Task to carry out: Pick out the lines in the listing below that contain the word "blast" and copy them.

Data to examine:
"""

(* Let $\mathbf{A}\in\mathbb{R}^{(\ell n)\times(qn)}$ be a block matrix with $\ell\times q$ blocks of size $n\times n$, with distinct nonzero blocks $\mathbf{A}_1,\dots,\mathbf{A}_p$. Suppose each $\mathbf{A}_k$ has upper bandwidth $u_k$ and lower bandwidth $\ell_k$, and set $b_u=\max_k u_k$, $b_\ell=\max_k \ell_k$. Let $r_2$ be the second entry of the multilinear rank of the tensor associated with $\mathbf{A}$. Then $$r_2\le n+\sum_{i=1}^{b_u}(n-i)+\sum_{j=1}^{b_\ell}(n-j).$$
   Context: Blocks: $\mathbf{A}^{(\gamma,\delta)}_{\alpha\beta}=\mathbf{A}_{(\gamma-1)n+\alpha,(\delta-1)n+\beta}$; $\eta_k$ is the number of block positions at which $\mathbf{A}_k$ occurs. A matrix $\mathbf{M}\in\mathbb{R}^{n\times n}$ has upper bandwidth $u$ and lower bandwidth $l$ if $u,l$ are the smallest nonnegative integers such that $\mathbf{M}_{ij}=0$ whenever $j-i>u$ or $i-j>l$. The associated tensor $\mathcal{A}\in\mathbb{R}^{n\times p\times n}$ has entries $\mathcal{A}_{ikj}=\sqrt{\eta_k}[\mathbf{A}_k]_{ij}$, and $r_2=\mathrm{rank}(\mathbf{A}_{(2)})$ where $\mathbf{A}_{(2)}\in\mathbb{R}^{p\times n^2}$ has $k$th row $\mathrm{vec}(\sqrt{\eta_k}\mathbf{A}_k)^\top$. *)

theory Defs
  imports "Jordan_Normal_Form.DL_Rank"
begin

definition block :: "nat \<Rightarrow> real mat \<Rightarrow> nat \<Rightarrow> nat \<Rightarrow> real mat" where
  "block n A g d = mat n n (\<lambda>(a,b). A $$ (g*n + a, d*n + b))"

definition upper_bandwidth :: "real mat \<Rightarrow> nat" where
  "upper_bandwidth M = (LEAST u. \<forall>i<dim_row M. \<forall>j<dim_col M. j > i + u \<longrightarrow> M $$ (i,j) = 0)"

definition lower_bandwidth :: "real mat \<Rightarrow> nat" where
  "lower_bandwidth M = (LEAST l. \<forall>i<dim_row M. \<forall>j<dim_col M. i > j + l \<longrightarrow> M $$ (i,j) = 0)"

definition eta :: "nat \<Rightarrow> nat \<Rightarrow> nat \<Rightarrow> real mat \<Rightarrow> real mat \<Rightarrow> nat" where
  "eta n l q A B = card {(g,d). g < l \<and> d < q \<and> block n A g d = B}"

text \<open>Mode-2 unfolding A_(2) (p x n^2): k-th row is vec(sqrt(eta_k) A_k), column-major vec.\<close>
definition unfold2 :: "nat \<Rightarrow> nat \<Rightarrow> nat \<Rightarrow> real mat \<Rightarrow> real mat list \<Rightarrow> real mat" where
  "unfold2 n l q A As = mat (length As) (n*n)
     (\<lambda>(k,c). sqrt (real (eta n l q A (As ! k))) * (As ! k) $$ (c mod n, c div n))"

end

theory Submission
  imports Defs
begin

text \<open>
  The columns of the mode-2 unfolding are indexed by the positions \<open>(i, j)\<close> of an
  \<open>n \<times> n\<close> block, the column at \<open>(i, j)\<close> collecting the \<open>(i, j)\<close> entries of all the
  distinct blocks. If every block has upper bandwidth at most \<open>b\<^sub>u\<close> and lower bandwidth
  at most \<open>b\<^sub>l\<close>, every column indexed by a position outside the common band vanishes, so
  \<open>r\<^sub>2\<close> is at most the number of band positions: \<open>n\<close> on the diagonal and \<open>n - d\<close> on each
  of the \<open>b\<^sub>u\<close> superdiagonals and \<open>b\<^sub>l\<close> subdiagonals at distance \<open>d\<close>.
\<close>

lemma (in vec_space) rank_le_card_nonzero_cols:
  assumes M: "M \<in> carrier_mat n nc" and "finite J"
    and zero_col: "\<And>c. c < nc \<Longrightarrow> c \<notin> J \<Longrightarrow> col M c = 0\<^sub>v n"
  shows "rank M \<le> card J"
proof -
  obtain S where S: "maximal S (\<lambda>T. T \<subseteq> set (cols M) \<and> lin_indpt T)"
    using maximal_exists[of "\<lambda>T. T \<subseteq> set (cols M) \<and> lin_indpt T" "card (set (cols M))" "{}"]
    by (meson List.finite_set card_mono empty_iff empty_subsetI finite_lin_indpt2 rev_finite_subset)
  have S_cols: "S \<subseteq> set (cols M)" and "lin_indpt S"
    using S by (auto simp: maximal_def)
  have "S \<subseteq> carrier_vec n"
    using S_cols cols_dim M by blast
  moreover have "carrier class_ring \<noteq> {\<zero>\<^bsub>class_ring :: 'a ring\<^esub>}"
    by (auto simp: class_ring_simps set_eq_iff intro: exI[of _ 1])
  ultimately have "0\<^sub>v n \<notin> S"
    using zero_nin_lin_indpt \<open>lin_indpt S\<close> by simp
  have "S \<subseteq> col M ` J"
  proof
    fix v assume "v \<in> S"
    moreover have "set (cols M) = col M ` {..<nc}"
      using M by (simp add: cols_def lessThan_atLeast0)
    ultimately obtain c where "c < nc" "v = col M c"
      using S_cols by blast
    with \<open>v \<in> S\<close> \<open>0\<^sub>v n \<notin> S\<close> have "col M c \<noteq> 0\<^sub>v n"
      by auto
    with zero_col \<open>c < nc\<close> have "c \<in> J"
      by blast
    with \<open>v = col M c\<close> show "v \<in> col M ` J"
      by blast
  qed
  then have "card S \<le> card J"
    using \<open>finite J\<close> by (meson card_image_le card_mono finite_imageI le_trans)
  then show ?thesis
    using rank_card_indpt[OF M S] by simp
qed

definition band :: "nat \<Rightarrow> nat \<Rightarrow> nat \<Rightarrow> (nat \<times> nat) set" where
  "band n u l = {(i, j). i < n \<and> j < n \<and> j \<le> i + u \<and> i \<le> j + l}"

lemma finite_band: "finite (band n u l)"
  by (rule finite_subset[of _ "{..<n} \<times> {..<n}"]) (auto simp: band_def)

lemma card_band_swap: "card (band n l u) = card (band n u l)"
proof -
  have "band n l u = prod.swap ` band n u l"
    by (auto simp: band_def)
  then show ?thesis
    by (simp add: card_image)
qed

lemma card_band_diagonal: "card (band n 0 0) = n"
proof -
  have "band n 0 0 = (\<lambda>i. (i, i)) ` {..<n}"
    by (auto simp: band_def)
  then show ?thesis
    by (simp add: card_image inj_on_def)
qed

lemma card_band_Suc_upper: "card (band n (Suc u) l) \<le> card (band n u l) + (n - Suc u)"
proof -
  let ?diagonal = "(\<lambda>i. (i, i + Suc u)) ` {..<n - Suc u}"
  have "band n (Suc u) l \<subseteq> band n u l \<union> ?diagonal"
  proof
    fix p assume "p \<in> band n (Suc u) l"
    then obtain i j where p: "p = (i, j)" "i < n" "j < n" "j \<le> i + Suc u" "i \<le> j + l"
      by (auto simp: band_def)
    show "p \<in> band n u l \<union> ?diagonal"
    proof (cases "j = i + Suc u")
      case True
      with p show ?thesis by auto
    next
      case False
      with p show ?thesis by (simp add: band_def)
    qed
  qed
  then have "card (band n (Suc u) l) \<le> card (band n u l \<union> ?diagonal)"
    by (intro card_mono) (simp_all add: finite_band)
  also have "\<dots> \<le> card (band n u l) + card ?diagonal"
    by (rule card_Un_le)
  also have "card ?diagonal \<le> n - Suc u"
    using card_image_le[of "{..<n - Suc u}"] by simp
  finally show ?thesis by simp
qed

lemma card_band_Suc_lower: "card (band n u (Suc l)) \<le> card (band n u l) + (n - Suc l)"
  using card_band_Suc_upper[of n l u] by (simp add: card_band_swap)

lemma card_band_le: "card (band n u l) \<le> n + (\<Sum>i=1..u. n - i) + (\<Sum>j=1..l. n - j)"
proof (induction u)
  case 0
  show ?case
  proof (induction l)
    case 0
    then show ?case by (simp add: card_band_diagonal)
  next
    case (Suc l)
    then show ?case using card_band_Suc_lower[of n 0 l] by simp
  qed
next
  case (Suc u)
  then show ?case using card_band_Suc_upper[of n u l] by simp
qed

lemma upper_bandwidth_zero:
  assumes "upper_bandwidth M \<le> u" "i < dim_row M" "j < dim_col M" "i + u < j"
  shows "M $$ (i, j) = 0"
proof -
  let ?vanishes = "\<lambda>u. \<forall>i<dim_row M. \<forall>j<dim_col M. j > i + u \<longrightarrow> M $$ (i, j) = 0"
  have "?vanishes (dim_col M)" by auto
  then have "?vanishes (upper_bandwidth M)"
    unfolding upper_bandwidth_def by (rule LeastI)
  with assms show ?thesis by auto
qed

lemma lower_bandwidth_zero:
  assumes "lower_bandwidth M \<le> l" "i < dim_row M" "j < dim_col M" "j + l < i"
  shows "M $$ (i, j) = 0"
proof -
  let ?vanishes = "\<lambda>l. \<forall>i<dim_row M. \<forall>j<dim_col M. i > j + l \<longrightarrow> M $$ (i, j) = 0"
  have "?vanishes (dim_row M)" by auto
  then have "?vanishes (lower_bandwidth M)"
    unfolding lower_bandwidth_def by (rule LeastI)
  with assms show ?thesis by auto
qed

lemma entry_outside_band_zero:
  assumes "M \<in> carrier_mat n n" "upper_bandwidth M \<le> u" "lower_bandwidth M \<le> l"
    and "i < n" "j < n" "(i, j) \<notin> band n u l"
  shows "M $$ (i, j) = 0"
proof -
  have "i + u < j \<or> j + l < i"
    using assms(4-6) by (auto simp: band_def)
  then show ?thesis
    using assms upper_bandwidth_zero[of M u i j] lower_bandwidth_zero[of M l i j] by auto
qed

lemma col_unfold2:
  assumes "c < n * n"
  shows "col (unfold2 n l q A As) c
    = vec (length As) (\<lambda>k. sqrt (real (eta n l q A (As ! k))) * (As ! k) $$ (c mod n, c div n))"
  using assms by (auto simp: unfold2_def)

lemma rank_unfold2_le_card_support:
  assumes "finite P"
    and zero_outside: "\<And>B i j. B \<in> set As \<Longrightarrow> i < n \<Longrightarrow> j < n \<Longrightarrow> (i, j) \<notin> P \<Longrightarrow> B $$ (i, j) = 0"
  shows "vec_space.rank (length As) (unfold2 n l q A As) \<le> card P"
proof -
  let ?pos = "\<lambda>c. (c mod n, c div n)"
  define J where "J = {c. c < n * n \<and> ?pos c \<in> P}"
  have "unfold2 n l q A As \<in> carrier_mat (length As) (n * n)"
    by (simp add: unfold2_def)
  moreover have "finite J"
    by (simp add: J_def)
  moreover have "col (unfold2 n l q A As) c = 0\<^sub>v (length As)" if "c < n * n" "c \<notin> J" for c
  proof -
    have "0 < n"
      using \<open>c < n * n\<close> by (cases n) auto
    then have "c mod n < n" "c div n < n"
      using \<open>c < n * n\<close> by (simp_all add: less_mult_imp_div_less)
    with that zero_outside show ?thesis
      by (auto simp: col_unfold2 J_def)
  qed
  ultimately have "vec_space.rank (length As) (unfold2 n l q A As) \<le> card J"
    by (rule vec_space.rank_le_card_nonzero_cols)
  also have "card J \<le> card P"
  proof (rule card_inj_on_le)
    show "inj_on ?pos J"
      by (intro inj_onI) (metis div_mult_mod_eq prod.inject)
  qed (use \<open>finite P\<close> in \<open>auto simp: J_def\<close>)
  finally show ?thesis .
qed

theorem corollary2:
  fixes n l q :: nat and A :: "real mat" and As :: "real mat list"
  assumes "A \<in> carrier_mat (l*n) (q*n)"
    and "distinct As"
    and "set As = {B. \<exists>g<l. \<exists>d<q. B = block n A g d \<and> B \<noteq> 0\<^sub>m n n}"
  shows "vec_space.rank (length As) (unfold2 n l q A As)
     \<le> n + (\<Sum>i=1..Max (upper_bandwidth ` set As). n - i)
         + (\<Sum>j=1..Max (lower_bandwidth ` set As). n - j)"
proof -
  define bu where "bu = Max (upper_bandwidth ` set As)"
  define bl where "bl = Max (lower_bandwidth ` set As)"
  have "B $$ (i, j) = 0"
    if "B \<in> set As" "i < n" "j < n" "(i, j) \<notin> band n bu bl" for B i j
  proof (rule entry_outside_band_zero)
    show "B \<in> carrier_mat n n"
      using \<open>B \<in> set As\<close> assms(3) by (auto simp: block_def)
    show "upper_bandwidth B \<le> bu" "lower_bandwidth B \<le> bl"
      using \<open>B \<in> set As\<close> by (auto simp: bu_def bl_def)
  qed (use that in auto)
  then have "vec_space.rank (length As) (unfold2 n l q A As) \<le> card (band n bu bl)"
    by (intro rank_unfold2_le_card_support finite_band)
  also have "\<dots> \<le> n + (\<Sum>i=1..bu. n - i) + (\<Sum>j=1..bl. n - j)"
    by (rule card_band_le)
  finally show ?thesis
    unfolding bu_def bl_def .
qed

end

"""

Solution for this exercise:
    using S_cols cols_dim M by blast
      using S_cols by blast
      by blast
      by blast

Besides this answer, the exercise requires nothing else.